Stored data entries:
· · · ·
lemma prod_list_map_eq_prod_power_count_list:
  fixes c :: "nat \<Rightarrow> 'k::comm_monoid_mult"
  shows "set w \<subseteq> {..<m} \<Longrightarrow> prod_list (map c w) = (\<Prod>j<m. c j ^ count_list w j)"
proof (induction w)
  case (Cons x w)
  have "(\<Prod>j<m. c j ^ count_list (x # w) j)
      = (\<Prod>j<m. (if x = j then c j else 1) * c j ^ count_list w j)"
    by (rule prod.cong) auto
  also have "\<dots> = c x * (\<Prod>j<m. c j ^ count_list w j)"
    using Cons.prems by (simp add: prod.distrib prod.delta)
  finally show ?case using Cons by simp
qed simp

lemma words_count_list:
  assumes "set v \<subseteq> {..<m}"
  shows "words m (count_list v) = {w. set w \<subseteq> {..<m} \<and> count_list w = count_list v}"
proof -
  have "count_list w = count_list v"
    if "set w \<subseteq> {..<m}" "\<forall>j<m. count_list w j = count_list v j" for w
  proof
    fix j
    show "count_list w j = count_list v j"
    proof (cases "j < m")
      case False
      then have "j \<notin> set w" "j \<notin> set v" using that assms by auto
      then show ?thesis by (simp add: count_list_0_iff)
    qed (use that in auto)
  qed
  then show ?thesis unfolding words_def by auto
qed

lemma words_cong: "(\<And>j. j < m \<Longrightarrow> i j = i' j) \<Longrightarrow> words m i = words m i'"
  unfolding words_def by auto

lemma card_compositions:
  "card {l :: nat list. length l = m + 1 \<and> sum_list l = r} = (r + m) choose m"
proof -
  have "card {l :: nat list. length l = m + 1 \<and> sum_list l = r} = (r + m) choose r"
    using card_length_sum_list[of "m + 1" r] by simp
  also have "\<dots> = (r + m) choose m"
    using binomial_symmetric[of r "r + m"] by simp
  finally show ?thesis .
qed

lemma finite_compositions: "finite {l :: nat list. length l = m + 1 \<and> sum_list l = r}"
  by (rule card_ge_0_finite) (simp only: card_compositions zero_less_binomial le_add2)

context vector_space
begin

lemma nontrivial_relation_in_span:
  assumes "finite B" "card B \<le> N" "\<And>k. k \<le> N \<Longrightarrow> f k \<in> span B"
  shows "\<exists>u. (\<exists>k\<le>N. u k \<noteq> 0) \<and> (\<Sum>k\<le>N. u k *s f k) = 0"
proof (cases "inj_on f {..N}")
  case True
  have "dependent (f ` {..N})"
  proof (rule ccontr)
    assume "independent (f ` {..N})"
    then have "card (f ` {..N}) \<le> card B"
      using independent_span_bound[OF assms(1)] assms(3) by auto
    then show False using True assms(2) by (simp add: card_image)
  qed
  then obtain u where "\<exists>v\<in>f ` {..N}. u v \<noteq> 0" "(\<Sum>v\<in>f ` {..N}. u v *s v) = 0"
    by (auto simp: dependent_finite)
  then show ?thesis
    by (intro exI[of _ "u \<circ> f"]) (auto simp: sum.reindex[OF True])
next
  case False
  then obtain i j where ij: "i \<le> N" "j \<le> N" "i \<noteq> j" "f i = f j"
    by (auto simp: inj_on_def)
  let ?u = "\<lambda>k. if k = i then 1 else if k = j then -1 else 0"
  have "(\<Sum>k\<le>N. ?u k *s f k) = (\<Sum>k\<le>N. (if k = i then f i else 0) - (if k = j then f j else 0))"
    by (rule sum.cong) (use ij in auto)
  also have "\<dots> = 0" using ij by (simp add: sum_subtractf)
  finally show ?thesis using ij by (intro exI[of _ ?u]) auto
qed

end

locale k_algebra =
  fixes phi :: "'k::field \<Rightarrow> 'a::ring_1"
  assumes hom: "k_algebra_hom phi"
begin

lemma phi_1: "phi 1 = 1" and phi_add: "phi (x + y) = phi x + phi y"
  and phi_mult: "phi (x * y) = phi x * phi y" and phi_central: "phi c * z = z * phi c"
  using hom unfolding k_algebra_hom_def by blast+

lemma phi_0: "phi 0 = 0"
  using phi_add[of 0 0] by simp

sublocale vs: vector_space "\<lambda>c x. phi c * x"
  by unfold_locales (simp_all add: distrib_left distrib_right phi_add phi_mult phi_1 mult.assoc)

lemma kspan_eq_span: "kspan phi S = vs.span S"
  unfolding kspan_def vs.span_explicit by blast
· · · ·
→ **WHAT YOU HAVE TO DO**
The required output is the line containing "finally show ?thesis using" through the last line of the records above, each copied exactly and nothing more.

→ **TASK RESULT**
  finally show ?thesis using ij by (intro exI[of _ ?u]) auto
qed

end

locale k_algebra =
  fixes phi :: "'k::field \<Rightarrow> 'a::ring_1"
  assumes hom: "k_algebra_hom phi"
begin

lemma phi_1: "phi 1 = 1" and phi_add: "phi (x + y) = phi x + phi y"
  and phi_mult: "phi (x * y) = phi x * phi y" and phi_central: "phi c * z = z * phi c"
  using hom unfolding k_algebra_hom_def by blast+

lemma phi_0: "phi 0 = 0"
  using phi_add[of 0 0] by simp

sublocale vs: vector_space "\<lambda>c x. phi c * x"
  by unfold_locales (simp_all add: distrib_left distrib_right phi_add phi_mult phi_1 mult.assoc)

lemma kspan_eq_span: "kspan phi S = vs.span S"
  unfolding kspan_def vs.span_explicit by blast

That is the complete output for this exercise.